▶ _Goal of the exercise_
For the word "finite", find each line in the entries where it occurs and copy that line.

▶ _Extracted information_
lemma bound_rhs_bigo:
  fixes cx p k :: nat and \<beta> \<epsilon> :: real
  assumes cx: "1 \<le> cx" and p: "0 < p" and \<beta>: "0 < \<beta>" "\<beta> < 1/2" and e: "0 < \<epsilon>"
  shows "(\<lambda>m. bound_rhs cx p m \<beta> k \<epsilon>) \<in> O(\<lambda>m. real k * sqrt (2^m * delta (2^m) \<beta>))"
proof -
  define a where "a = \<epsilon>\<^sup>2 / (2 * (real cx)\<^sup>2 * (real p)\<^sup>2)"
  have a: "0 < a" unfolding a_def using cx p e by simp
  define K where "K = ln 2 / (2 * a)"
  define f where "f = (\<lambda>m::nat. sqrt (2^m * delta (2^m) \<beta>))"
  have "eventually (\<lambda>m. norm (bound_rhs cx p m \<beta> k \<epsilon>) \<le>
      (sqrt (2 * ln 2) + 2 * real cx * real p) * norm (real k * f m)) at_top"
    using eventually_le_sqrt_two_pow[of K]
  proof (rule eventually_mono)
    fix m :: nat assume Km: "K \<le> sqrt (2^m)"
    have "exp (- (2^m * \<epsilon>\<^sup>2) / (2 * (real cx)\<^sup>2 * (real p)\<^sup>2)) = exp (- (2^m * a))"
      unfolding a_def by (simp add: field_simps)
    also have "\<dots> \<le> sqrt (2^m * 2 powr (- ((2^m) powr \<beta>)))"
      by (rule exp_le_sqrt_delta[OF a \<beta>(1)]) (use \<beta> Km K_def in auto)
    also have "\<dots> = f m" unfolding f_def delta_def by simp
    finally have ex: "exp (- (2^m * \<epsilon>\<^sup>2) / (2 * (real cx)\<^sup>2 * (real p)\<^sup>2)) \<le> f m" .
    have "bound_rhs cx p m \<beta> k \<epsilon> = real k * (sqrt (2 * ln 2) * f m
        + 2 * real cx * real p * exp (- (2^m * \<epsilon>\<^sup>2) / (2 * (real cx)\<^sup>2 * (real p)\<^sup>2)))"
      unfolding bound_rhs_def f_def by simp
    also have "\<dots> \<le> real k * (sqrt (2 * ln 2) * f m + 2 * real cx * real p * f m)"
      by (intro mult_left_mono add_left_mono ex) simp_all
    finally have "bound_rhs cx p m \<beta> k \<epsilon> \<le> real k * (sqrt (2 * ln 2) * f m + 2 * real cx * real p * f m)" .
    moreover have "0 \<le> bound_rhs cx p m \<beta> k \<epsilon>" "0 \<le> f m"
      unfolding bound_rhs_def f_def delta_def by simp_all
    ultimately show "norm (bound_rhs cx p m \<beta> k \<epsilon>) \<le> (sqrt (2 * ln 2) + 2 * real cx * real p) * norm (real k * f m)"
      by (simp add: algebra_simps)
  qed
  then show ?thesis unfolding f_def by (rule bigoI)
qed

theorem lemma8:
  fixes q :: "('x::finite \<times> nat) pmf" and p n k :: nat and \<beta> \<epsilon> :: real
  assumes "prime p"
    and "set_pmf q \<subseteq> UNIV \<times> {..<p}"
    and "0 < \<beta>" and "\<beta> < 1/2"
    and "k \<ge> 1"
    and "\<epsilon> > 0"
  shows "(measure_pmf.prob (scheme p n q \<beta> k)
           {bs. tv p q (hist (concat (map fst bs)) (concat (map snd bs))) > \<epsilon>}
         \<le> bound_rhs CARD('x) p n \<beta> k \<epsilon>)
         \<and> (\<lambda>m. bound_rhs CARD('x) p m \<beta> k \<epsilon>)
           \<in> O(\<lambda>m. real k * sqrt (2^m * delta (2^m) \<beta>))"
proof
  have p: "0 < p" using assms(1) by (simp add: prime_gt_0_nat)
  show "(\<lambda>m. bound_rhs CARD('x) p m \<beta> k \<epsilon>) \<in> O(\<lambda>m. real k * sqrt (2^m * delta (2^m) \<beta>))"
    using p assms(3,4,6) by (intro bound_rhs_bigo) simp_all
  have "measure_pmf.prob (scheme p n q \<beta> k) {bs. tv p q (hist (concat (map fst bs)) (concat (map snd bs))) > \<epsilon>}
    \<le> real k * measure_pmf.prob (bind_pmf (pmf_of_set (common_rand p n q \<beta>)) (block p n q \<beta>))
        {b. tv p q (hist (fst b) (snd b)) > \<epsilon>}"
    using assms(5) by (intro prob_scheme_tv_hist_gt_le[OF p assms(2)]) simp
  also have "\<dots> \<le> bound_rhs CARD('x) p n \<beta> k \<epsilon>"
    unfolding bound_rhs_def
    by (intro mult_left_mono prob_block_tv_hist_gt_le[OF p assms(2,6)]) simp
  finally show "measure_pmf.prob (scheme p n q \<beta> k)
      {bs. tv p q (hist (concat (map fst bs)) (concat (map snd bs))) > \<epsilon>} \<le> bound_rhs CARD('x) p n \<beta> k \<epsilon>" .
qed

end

---

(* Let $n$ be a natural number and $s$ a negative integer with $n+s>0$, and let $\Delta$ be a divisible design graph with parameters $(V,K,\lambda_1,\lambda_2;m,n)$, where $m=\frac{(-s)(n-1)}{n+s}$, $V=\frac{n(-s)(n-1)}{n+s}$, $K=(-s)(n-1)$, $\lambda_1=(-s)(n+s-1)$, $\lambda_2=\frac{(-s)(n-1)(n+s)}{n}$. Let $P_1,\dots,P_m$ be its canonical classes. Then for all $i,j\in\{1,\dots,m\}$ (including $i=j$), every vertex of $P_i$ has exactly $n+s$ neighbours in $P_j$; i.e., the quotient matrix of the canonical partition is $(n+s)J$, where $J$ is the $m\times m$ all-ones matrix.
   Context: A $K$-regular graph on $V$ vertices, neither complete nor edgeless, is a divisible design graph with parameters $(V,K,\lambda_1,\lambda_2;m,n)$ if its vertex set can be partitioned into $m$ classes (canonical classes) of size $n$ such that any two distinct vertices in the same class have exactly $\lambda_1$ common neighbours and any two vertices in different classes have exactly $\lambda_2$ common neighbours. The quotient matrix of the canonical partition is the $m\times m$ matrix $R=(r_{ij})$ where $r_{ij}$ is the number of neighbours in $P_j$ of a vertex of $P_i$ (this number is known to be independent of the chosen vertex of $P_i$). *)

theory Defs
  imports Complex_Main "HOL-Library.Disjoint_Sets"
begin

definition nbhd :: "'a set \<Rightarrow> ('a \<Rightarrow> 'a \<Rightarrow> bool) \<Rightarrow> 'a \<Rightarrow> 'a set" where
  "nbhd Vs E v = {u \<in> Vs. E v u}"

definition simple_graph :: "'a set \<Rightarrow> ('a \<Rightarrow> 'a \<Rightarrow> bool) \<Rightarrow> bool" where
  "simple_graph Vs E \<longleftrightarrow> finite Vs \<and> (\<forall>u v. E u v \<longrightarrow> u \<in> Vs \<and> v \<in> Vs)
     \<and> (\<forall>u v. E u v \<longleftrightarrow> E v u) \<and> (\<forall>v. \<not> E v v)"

▶ _Written answer_
  fixes q :: "('x::finite \<times> nat) pmf" and p n k :: nat and \<beta> \<epsilon> :: real
  "simple_graph Vs E \<longleftrightarrow> finite Vs \<and> (\<forall>u v. E u v \<longrightarrow> u \<in> Vs \<and> v \<in> Vs)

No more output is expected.